Venezuela Plans To Abandon U.S. Dollar To Free Economy From Sanctions

sanction venezuela
Illustration by Nathaniel St. Clair

Venezuela is planning to shift away from the U.S. dollar in cross-border transactions, President Nicolas Maduro said earlier this week, claiming that the measure would help the Bolivarian Republic to free its economy.

Maduro said on Tuesday in an interview with local media: this is the path of Venezuela and the path of a fee economy where currencies are not used to punish countries and impose sanctions.”

Venezuela is the latest country to publicly share plans to reduce its reliance on the U.S. dollar. Similar measures have recently been announced by Argentina, Brazil and Iraq. Meanwhile, the BRICS group of nations is considering the introduction of a new reserve currency to replace the dollar.

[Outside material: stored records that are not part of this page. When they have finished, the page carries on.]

(* Let $(\Omega,\mathcal{F},P)$ be an adequate probability space. A functional $I:B_0(\Omega,\mathcal{F})\to\mathbb{R}$ is strongly monotone, constant-additive, positively homogeneous, and additive in concordant sums if and only if there exists $\beta>-1$ such that $I=\mathbb{E}_\beta$.
   Context: Adequate: $P$ nonatomic or $\mathcal{F}$ generated by a finite partition over which $P$ is uniform. $B_0(\Omega,\mathcal{F})$: $\mathcal{F}$-measurable real functions with finitely many values. $\mathbb{E}_\beta[X]$ is the unique $v$ with $\mathbb{E}[(X-v)^+]=(1+\beta)\mathbb{E}[(v-X)^+]$. Strongly monotone: if $P(X\ge t)\ge P(Y\ge t)$ for all $t\in\mathbb{R}$ then $I(X)\ge I(Y)$, strictly if strict for some $t$. Constant-additive: $I(X+m)=I(X)+m$ for $m\in\mathbb{R}$. Positively homogeneous: $I(\lambda X)=\lambda I(X)$ for $\lambda\ge0$. Additive in concordant sums: if $\{\omega:X(\omega)<I(X)\}=\{\omega:Y(\omega)<I(Y)\}$ then $I(X+Y)=I(X)+I(Y)$. *)

theory Defs
  imports "HOL-Probability.Probability"
begin

definition nonatomic :: "'a measure \<Rightarrow> bool" where
  "nonatomic M \<longleftrightarrow> (\<forall>A\<in>sets M. measure M A > 0 \<longrightarrow>
      (\<exists>B\<in>sets M. B \<subseteq> A \<and> 0 < measure M B \<and> measure M B < measure M A))"

definition finite_uniform :: "'a measure \<Rightarrow> bool" where
  "finite_uniform M \<longleftrightarrow> (\<exists>Q. finite Q \<and> partition_on (space M) Q \<and>
      sets M = sigma_sets (space M) Q \<and>
      (\<forall>B\<in>Q. measure M B = 1 / real (card Q)))"

definition adequate :: "'a measure \<Rightarrow> bool" where
  "adequate M \<longleftrightarrow> nonatomic M \<or> finite_uniform M"

definition B0 :: "'a measure \<Rightarrow> ('a \<Rightarrow> real) set" where
  "B0 M = {X. X \<in> borel_measurable M \<and> finite (X ` space M)}"

definition E_beta :: "'a measure \<Rightarrow> real \<Rightarrow> ('a \<Rightarrow> real) \<Rightarrow> real" where
  "E_beta M \<beta> X = (THE v. (\<integral>\<omega>. max (X \<omega> - v) 0 \<partial>M) =
                          (1 + \<beta>) * (\<integral>\<omega>. max (v - X \<omega>) 0 \<partial>M))"

definition strongly_monotone :: "'a measure \<Rightarrow> (('a \<Rightarrow> real) \<Rightarrow> real) \<Rightarrow> bool" where
  "strongly_monotone M I \<longleftrightarrow> (\<forall>X\<in>B0 M. \<forall>Y\<in>B0 M.
     (\<forall>t. measure M {\<omega>\<in>space M. X \<omega> \<ge> t} \<ge> measure M {\<omega>\<in>space M. Y \<omega> \<ge> t}) \<longrightarrow>
       (I X \<ge> I Y \<and>
        ((\<exists>t. measure M {\<omega>\<in>space M. X \<omega> \<ge> t} > measure M {\<omega>\<in>space M. Y \<omega> \<ge> t})
           \<longrightarrow> I X > I Y)))"
definition monotone_system_tri :: "('v \<Rightarrow> tri) pmf \<Rightarrow> bool" where
  "monotone_system_tri \<pi> \<longleftrightarrow>
     (\<forall>i \<sigma> \<tau>. feasible \<pi> i \<sigma> \<and> feasible \<pi> i \<tau> \<and> le_off i \<sigma> \<tau> \<longrightarrow>
        (\<exists>c :: (tri \<times> tri) pmf.
            map_pmf fst c = cond_marg \<pi> i \<sigma> \<and> map_pmf snd c = cond_marg \<pi> i \<tau> \<and>
            (\<forall>(x, y) \<in> set_pmf c. x \<le> y)))"

definition lift_pmf :: "real \<Rightarrow> ('v::finite \<Rightarrow> bool) \<Rightarrow> ('v \<Rightarrow> tri) pmf" where
  "lift_pmf \<theta> X = Pi_pmf UNIV Zero (\<lambda>v. if X v
      then map_pmf (\<lambda>b. if b then One else Star) (bernoulli_pmf \<theta>)
      else return_pmf Zero)"

definition lifted :: "real \<Rightarrow> ('v::finite \<Rightarrow> bool) pmf \<Rightarrow> ('v \<Rightarrow> tri) pmf" where
  "lifted \<theta> \<mu> = bind_pmf \<mu> (lift_pmf \<theta>)"

definition glauber :: "('v::finite \<Rightarrow> 'a) pmf \<Rightarrow> ('v \<Rightarrow> 'a) \<Rightarrow> ('v \<Rightarrow> 'a) pmf" where
  "glauber \<pi> X = bind_pmf (pmf_of_set UNIV)
      (\<lambda>v. map_pmf (\<lambda>a. X(v := a)) (cond_marg \<pi> v X))"

definition stoch_monotone :: "('c::order) set \<Rightarrow> ('c \<Rightarrow> 'c pmf) \<Rightarrow> bool" where
  "stoch_monotone \<Omega> P \<longleftrightarrow>
     (\<forall>f :: 'c \<Rightarrow> real.
        (\<forall>x\<in>\<Omega>. f x \<ge> 0) \<and> (\<forall>x\<in>\<Omega>. \<forall>y\<in>\<Omega>. x \<le> y \<longrightarrow> f x \<le> f y) \<longrightarrow>
        (\<forall>x\<in>\<Omega>. \<forall>y\<in>\<Omega>. x \<le> y \<longrightarrow>
           measure_pmf.expectation (P x) f \<le> measure_pmf.expectation (P y) f))"

end

(* Conditioning the lifted measure on the spins off a site i sees the boundary sigma only
   through unlift sigma: the weight of the lifted spins off i cancels, so the conditional spin
   at i is the lift of the conditional Bernoulli spin of mu at i given unlift sigma.
   Monotonicity of mu orders these Bernoulli parameters, Bernoulli laws with ordered
   parameters are coupled monotonically by thinning, and lifting a spin is monotone.
   For the Glauber dynamics, updating the same site in both copies through such a coupling
   gives a monotone coupling of the one-step laws, along which expectations of increasing
   functions compare. *)

theory Submission
  imports Defs
begin

lemma UNIV_tri: "(UNIV :: tri set) = {Zero, One, Star}"
  using tri.exhaust by auto

instance tri :: finite
  by standard (simp add: UNIV_tri)

lemma tri_le_Zero_iff: "t \<le> Zero \<longleftrightarrow> t = Zero"
  by (cases t) (simp_all add: less_eq_tri_def)

lemma prob_agree_set:
  fixes p :: "('v \<Rightarrow> 'a::finite) pmf"
  shows "measure_pmf.prob p (agree_set i \<sigma>) = (\<Sum>a\<in>UNIV. pmf p (\<sigma>(i := a)))"
proof -
  have "agree_set i \<sigma> = range (\<lambda>a. \<sigma>(i := a))"
    by (auto simp: agree_set_def fun_eq_iff intro!: range_eqI[where x = "_ i"])
  moreover have "inj (\<lambda>a. \<sigma>(i := a))"
    by (auto intro: injI dest: fun_upd_eqD)
  ultimately show ?thesis
    by (simp add: measure_measure_pmf_finite sum.reindex)
qed

lemma pmf_cond_marg:
  assumes "feasible p i \<sigma>"
  shows "pmf (cond_marg p i \<sigma>) a = pmf p (\<sigma>(i := a)) / measure_pmf.prob p (agree_set i \<sigma>)"
proof -
  let ?A = "agree_set i \<sigma>"
  have ne: "set_pmf p \<inter> ?A \<noteq> {}"
    using assms unfolding feasible_def by (metis measure_pmf_zero_iff disjnt_def less_irrefl)
  have "(\<lambda>x. x i) -` {a} \<inter> set_pmf (cond_pmf p ?A) = {\<sigma>(i := a)} \<inter> set_pmf (cond_pmf p ?A)"
    unfolding set_cond_pmf[OF ne] by (auto simp: agree_set_def fun_eq_iff)
  then have "measure (cond_pmf p ?A) ((\<lambda>x. x i) -` {a}) = measure (cond_pmf p ?A) {\<sigma>(i := a)}"
    by (metis measure_Int_set_pmf)
  moreover have "\<sigma>(i := a) \<in> ?A"
    by (simp add: agree_set_def)
  ultimately show ?thesis
    by (simp add: cond_marg_def pmf_map measure_pmf_single pmf_cond[OF ne])
qed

Venezuela is ranked among the world’s five most-sanctioned nations. The South American country has suffered one of the largest economic contractions in history. Last year, Washington allowed U.S. energy major Chevron to resume limited oil production in the country, but the majority of sanctions remain in place and continue to weigh on the Venezuelan economy.

Longstanding sanctions policies pursued by the White House, along with rising inflation in the U.S., have forced multiple countries around the world to start looking for alternatives to the dollar.

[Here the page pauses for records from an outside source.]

lemma card_cycles4_T2:
  "2 * ((n div 2) * (n div 2 - 1) * ((n - n div 2) * (n - n div 2 - 1))) \<le> card (cycles4 (T2 n))"
proof -
  define A where "A = {0..<n div 2}"
  define B where "B = {n div 2..<n}"
  let ?pairs = "\<lambda>X. SIGMA x:X. X - {x}"
  let ?f = "\<lambda>((x :: nat, v), (u, y)). [x, u, v, y]"
  have card_f: "card (?f ` (?pairs X \<times> ?pairs Y)) = card X * (card X - 1) * (card Y * (card Y - 1))"
    if "finite X" "finite Y" for X Y
  proof -
    have "inj_on ?f (?pairs X \<times> ?pairs Y)"
      by (auto simp: inj_on_def)
    then show ?thesis
      using that by (simp add: card_image card_cartesian_product card_distinct_pairs)
  qed
  have cycles: "?f ` (?pairs X \<times> ?pairs Y) \<subseteq> cycles4 (T2 n)"
    if XY: "\<And>x y. x \<in> X \<Longrightarrow> y \<in> Y \<Longrightarrow> {x, y} \<in> snd (T2 n)" for X Y
  proof (rule image_subsetI)
    fix z assume "z \<in> ?pairs X \<times> ?pairs Y"
    then obtain x v u y where z: "z = ((x, v), u, y)" and "x \<in> X" "v \<in> X" "v \<noteq> x"
      "u \<in> Y" "y \<in> Y" "y \<noteq> u"
      by auto
    moreover from this have "{x, u} \<in> snd (T2 n)" "{u, v} \<in> snd (T2 n)" "{v, y} \<in> snd (T2 n)"
      "{y, x} \<in> snd (T2 n)"
      using XY[of x u] XY[of v u] XY[of v y] XY[of x y] by (simp_all add: insert_commute)
    ultimately show "?f z \<in> cycles4 (T2 n)"
      unfolding cycles4_def by auto
  qed
  have A_B: "\<And>x y. x \<in> A \<Longrightarrow> y \<in> B \<Longrightarrow> {x, y} \<in> snd (T2 n)"
    and B_A: "\<And>x y. x \<in> B \<Longrightarrow> y \<in> A \<Longrightarrow> {x, y} \<in> snd (T2 n)"
    unfolding A_def B_def T2_edge_iff by auto
  have "hd ` ?f ` (?pairs X \<times> ?pairs Y) \<subseteq> X" for X Y
    by auto
  then have disj: "?f ` (?pairs A \<times> ?pairs B) \<inter> ?f ` (?pairs B \<times> ?pairs A) = {}"
    unfolding A_def B_def by fastforce
  have fin_f: "finite (?f ` (?pairs X \<times> ?pairs Y))" if "finite X" "finite Y" for X Y
    using that by auto
  have "2 * ((n div 2) * (n div 2 - 1) * ((n - n div 2) * (n - n div 2 - 1))) =
      card (?f ` (?pairs A \<times> ?pairs B)) + card (?f ` (?pairs B \<times> ?pairs A))"
    using card_f[of A B] card_f[of B A] by (simp add: A_def B_def)
  also have "\<dots> = card (?f ` (?pairs A \<times> ?pairs B) \<union> ?f ` (?pairs B \<times> ?pairs A))"
    using fin_f fin_f disj unfolding A_def B_def by (intro card_Un_disjoint[symmetric]) simp_all
  also have "\<dots> \<le> card (cycles4 (T2 n))"
  proof (rule card_mono)
    show "finite (cycles4 (T2 n))"
      using finite_paths4[OF simple_T2] cycles4_subset_paths4[OF simple_T2] by (rule finite_subset[rotated])
    show "?f ` (?pairs A \<times> ?pairs B) \<union> ?f ` (?pairs B \<times> ?pairs A) \<subseteq> cycles4 (T2 n)"
      using cycles[OF A_B] cycles[OF B_A] by (rule Un_least)
  qed
  finally show ?thesis .
qed

lemma T2_free_T1: "free T1 (T2 n)"
proof -
  have "f \<notin> embeddings T1 (T2 n)" for f
  proof
    assume f: "f \<in> embeddings T1 (T2 n)"
    have "f ` {0, 1} \<in> snd (T2 n)" "f ` {1, 2} \<in> snd (T2 n)" "f ` {0, 2} \<in> snd (T2 n)"
      using embeddingsD(3)[OF f, of "{0, 1}"] embeddingsD(3)[OF f, of "{1, 2}"]
        embeddingsD(3)[OF f, of "{0, 2}"] by (simp_all add: T1_def)
    then have "{f 0, f 1} \<in> snd (T2 n)" "{f 1, f 2} \<in> snd (T2 n)" "{f 0, f 2} \<in> snd (T2 n)"
      by simp_all
    then show False
      unfolding T2_edge_iff by linarith
  qed
  then show ?thesis
    using free_iff_embeddings_empty[OF simple_T1 simple_T2] by blast
qed

lemma ex_eq_count_copies_T2:
  assumes "free F (T2 n)"
    and "\<And>G :: nat graph. simple_graph G \<Longrightarrow> fst G = {0..<n} \<Longrightarrow> free F G \<Longrightarrow>
      count_copies H G \<le> count_copies H (T2 n)"
  shows "ex n H F = count_copies H (T2 n)"
proof -
  define graphs where "graphs = {G :: nat graph. simple_graph G \<and> fst G = {0..<n} \<and> free F G}"
  have "graphs \<subseteq> {{0..<n}} \<times> Pow (Pow {0..<n})"
    unfolding graphs_def simple_graph_def by auto
  then have "finite graphs"
    by (rule finite_subset) simp
  moreover have "T2 n \<in> graphs"
    unfolding graphs_def using simple_T2 vertices_T2 assms(1) by blast
  ultimately have "Max (count_copies H ` graphs) = count_copies H (T2 n)"
    using assms(2) unfolding graphs_def by (intro Max_eqI) auto
  moreover have "{count_copies H G |G. simple_graph G \<and> fst G = {0..<n} \<and> free F G} =
      count_copies H ` graphs"
    unfolding graphs_def by blast
  ultimately show ?thesis
    unfolding ex_def by simp
qed

context degree_sum_bounded
begin

lemma count_copies_P3_le_T2: "count_copies P3 G \<le> count_copies P3 (T2 n)"
  unfolding count_copies_le_iff[OF simple_P3 simple simple_T2]
    card_embeddings_P3[OF simple] card_embeddings_P3[OF simple_T2] card_paths3_T2
  by (rule card_paths3_le)

lemma card_paths4_le_card_cycles4_T2: "card (paths4 G) \<le> card (cycles4 (T2 n))"
  using card_paths4_le card_cycles4_T2 by (rule le_trans)

lemma count_copies_P4_le_T2: "count_copies P4 G \<le> count_copies P4 (T2 n)"
proof -
  have "card (paths4 G) \<le> card (paths4 (T2 n))"
    using card_paths4_le_card_cycles4_T2
      card_mono[OF finite_paths4[OF simple_T2] cycles4_subset_paths4[OF simple_T2]]
    by (rule le_trans)
  then show ?thesis
    unfolding count_copies_le_iff[OF simple_P4 simple simple_T2]
      card_embeddings_P4[OF simple] card_embeddings_P4[OF simple_T2] .
qed

lemma count_copies_C4_le_T2: "count_copies C4 G \<le> count_copies C4 (T2 n)"
proof -
  have "card (cycles4 G) \<le> card (cycles4 (T2 n))"
    using card_mono[OF finite_paths4[OF simple] cycles4_subset_paths4[OF simple]]
      card_paths4_le_card_cycles4_T2
    by (rule le_trans)
  then show ?thesis
    unfolding count_copies_le_iff[OF simple_C4 simple simple_T2]
      card_embeddings_C4[OF simple] card_embeddings_C4[OF simple_T2] .
qed

end

section \<open>Paw-free graphs\<close>

lemma card_le_2_of_subset_doubleton:
  assumes "A \<subseteq> {a, b}"
  shows "card A \<le> 2"
proof -
  have "card A \<le> card {a, b}"
    using assms by (intro card_mono) simp_all
  also have "\<dots> \<le> 2"
    by (cases "a = b") simp_all
  finally show ?thesis .
qed

lemma pawfree_triangle_neighbours:
  assumes G: "simple_graph G" "free T1 G"
    and edges: "{u, v} \<in> snd G" "{u, w} \<in> snd G" "{v, w} \<in> snd G"
  shows "neighbours G u \<subseteq> {v, w}"
proof
  fix z assume z: "z \<in> neighbours G u"
  show "z \<in> {v, w}"
  proof (rule ccontr)
    assume "z \<notin> {v, w}"
    moreover have "{u, z} \<in> snd G"
      using z neighbours_iff[OF G(1)] by blast
    ultimately have "distinct [v, w, u, z]"
      using edges simple_graph_edgeD(1)[OF G(1)] by auto
    then have "embeddings T1 G \<noteq> {}"
      by (rule paw_embedding[OF G(1)]) (use edges \<open>{u, z} \<in> snd G\<close> in \<open>simp_all add: insert_commute\<close>)
    then show False
      using G free_iff_embeddings_empty[OF simple_T1 G(1)] by simp
  qed
qed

Earlier this month, Argentinian President Alberto Fernandez and his Brazilian counterpart, Luiz Inacio Lula da Silva, agreed to develop a framework for using national currencies in mutual transactions.

Last month, Argentina confirmed settlements for Chinese imports in yuan rather than U.S. dollars in an attempt to safeguard the nation’s decreasing reserves. In March, China and Brazil agreed to abandon the greenback in their bilateral transactions in a bid to reduce investment costs and develop economic ties between the two countries. In February, Iraq’s central bank said it would allow commerce with China to be settled directly in yuan for the first time.

Earlier this year, the yuan overtook the US dollar in China’s international trade transactions.

Dollar Being Gradually Abandoned, Says IMF Chief

An earlier media report said:

The managing director of the International Monetary Fund (IMF) has said the U.S. dollar is gradually losing its status as the world’s main reserve currency.

Speaking on Monday, Kristalina Georgieva noted that there is no viable alternative among global currencies to replace the greenback in the near future.

“There have been gradual shift away from the dollar, it was 70% of reserves, now it is slightly under 60%,” Georgieva stated at the 2023 Milken Institute Global Conference in Beverly Hills, California.

According to the IMF chief, the euro can be viewed as the biggest competitor to the U.S. dollar, while the British pound, the Japanese yen and the Chinese yuan “play a very modest role.”

She stressed that the leading factor for trust in the currency of this or that country is the strength of its economy and the depth of its capital markets.

Georgieva highlighted the major shocks of the past few years – the Covid pandemic, the Russia-Ukraine conflict and the spike in interest rates after years of loose monetary policy – calling them “a series of unthinkable events.”

She explained that the rapid transition from low to high interest rates has exposed vulnerabilities in the financial sector, and that the high exposure of the U.S. banking sector to the crisis has come as a surprise to IMF analysts.